What the task requires:
Only the line containing "using ss_e_family_from_ss_c[OF ss_c_family_inf_coinf" and the lines after it, through the end of the entries, should be output exactly.

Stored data

....

section \<open>Least cardinalities\<close>

lemma mincard_attained:
  assumes "P \<F>\<^sub>0"
  shows "\<exists>\<F>. P \<F> \<and> mincard P = |\<F>| \<and> (\<forall>\<G>. P \<G> \<longrightarrow> card_of \<F> \<le>o card_of \<G>)"
proof -
  let ?minimal = "\<lambda>\<F>. P \<F> \<and> (\<forall>\<G>. P \<G> \<longrightarrow> card_of \<F> \<le>o card_of \<G>)"
  let ?cards = "{card_of \<F> | \<F>. P \<F>}"
  have "?cards \<noteq> {}" "\<forall>r\<in>?cards. Well_order r"
    using assms by (auto simp: card_of_Well_order)
  then obtain r where "r \<in> ?cards" "\<forall>r'\<in>?cards. r \<le>o r'"
    using exists_minim_Well_order by meson
  then have "\<exists>\<F>. ?minimal \<F>" by blast
  then have "?minimal (SOME \<F>. ?minimal \<F>)" by (rule someI_ex)
  then show ?thesis unfolding mincard_def by blast
qed

lemma mincard_le:
  assumes "P \<G>"
  shows "mincard P \<le>o |\<G>|"
proof -
  obtain \<F> where "mincard P = |\<F>|" "\<forall>\<G>. P \<G> \<longrightarrow> card_of \<F> \<le>o card_of \<G>"
    using mincard_attained[of P, OF assms] by blast
  then show ?thesis using assms by simp
qed

lemma mincard_ordLeq_mincard:
  assumes "P \<F>\<^sub>0" and "\<And>\<F>. P \<F> \<Longrightarrow> \<exists>\<G>. Q \<G> \<and> |\<G>| \<le>o |\<F>|"
  shows "mincard Q \<le>o mincard P"
proof -
  obtain \<F> where "P \<F>" "mincard P = |\<F>|"
    using mincard_attained[of P, OF assms(1)] by blast
  moreover obtain \<G> where "Q \<G>" "|\<G>| \<le>o |\<F>|"
    using assms(2)[OF \<open>P \<F>\<close>] by blast
  ultimately show ?thesis
    using mincard_le[of Q \<G>] ordLeq_transitive by metis
qed

lemma mincard_ordLeq_mincard_of_imp:
  assumes "P \<F>\<^sub>0" and "\<And>\<F>. P \<F> \<Longrightarrow> Q \<F>"
  shows "mincard Q \<le>o mincard P"
  using assms by (intro mincard_ordLeq_mincard) (auto intro: ordLeq_refl card_of_Card_order)

theorem mainTheorem12:
  fixes \<epsilon> :: real and A :: "real set"
  assumes "\<epsilon> > 0"
    and "\<exists>u v. u < v \<and> {u<..<v} \<subseteq> A"
  shows "(mincard (ss_e_family \<epsilon>), mincard ss_c_family) \<in> ordIso
       \<and> (mincard (ss_l_family A), mincard ss_c_family) \<in> ordIso"
proof -
  obtain u v where uv: "u < v" "{u<..<v} \<subseteq> A" using assms(2) by blast
  obtain \<X>\<^sub>e where "ss_e_family \<epsilon> \<X>\<^sub>e"
    using ss_e_family_from_ss_c[OF ss_c_family_inf_coinf assms(1)] by blast
  obtain \<X>\<^sub>l where "ss_l_family A \<X>\<^sub>l"
    using ss_l_family_from_ss_c[OF ss_c_family_inf_coinf uv] by blast
  have "mincard (ss_e_family \<epsilon>) \<le>o mincard ss_c_family"
    using ss_c_family_inf_coinf ss_e_family_from_ss_c[OF _ assms(1)] by (rule mincard_ordLeq_mincard)
  moreover have "mincard ss_c_family \<le>o mincard (ss_e_family \<epsilon>)"
    using \<open>ss_e_family \<epsilon> \<X>\<^sub>e\<close> ss_c_family_of_ss_e by (rule mincard_ordLeq_mincard_of_imp)
  moreover have "mincard (ss_l_family A) \<le>o mincard ss_c_family"
    using ss_c_family_inf_coinf ss_l_family_from_ss_c[OF _ uv] by (rule mincard_ordLeq_mincard)
  moreover have "mincard ss_c_family \<le>o mincard (ss_l_family A)"
    using \<open>ss_l_family A \<X>\<^sub>l\<close> ss_c_family_of_ss_l by (rule mincard_ordLeq_mincard_of_imp)
  ultimately show ?thesis by (simp add: ordIso_iff_ordLeq)
qed

end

....

Task result:
    using ss_e_family_from_ss_c[OF ss_c_family_inf_coinf assms(1)] by blast
  obtain \<X>\<^sub>l where "ss_l_family A \<X>\<^sub>l"
    using ss_l_family_from_ss_c[OF ss_c_family_inf_coinf uv] by blast
  have "mincard (ss_e_family \<epsilon>) \<le>o mincard ss_c_family"
    using ss_c_family_inf_coinf ss_e_family_from_ss_c[OF _ assms(1)] by (rule mincard_ordLeq_mincard)
  moreover have "mincard ss_c_family \<le>o mincard (ss_e_family \<epsilon>)"
    using \<open>ss_e_family \<epsilon> \<X>\<^sub>e\<close> ss_c_family_of_ss_e by (rule mincard_ordLeq_mincard_of_imp)
  moreover have "mincard (ss_l_family A) \<le>o mincard ss_c_family"
    using ss_c_family_inf_coinf ss_l_family_from_ss_c[OF _ uv] by (rule mincard_ordLeq_mincard)
  moreover have "mincard ss_c_family \<le>o mincard (ss_l_family A)"
    using \<open>ss_l_family A \<X>\<^sub>l\<close> ss_c_family_of_ss_l by (rule mincard_ordLeq_mincard_of_imp)
  ultimately show ?thesis by (simp add: ordIso_iff_ordLeq)
qed

end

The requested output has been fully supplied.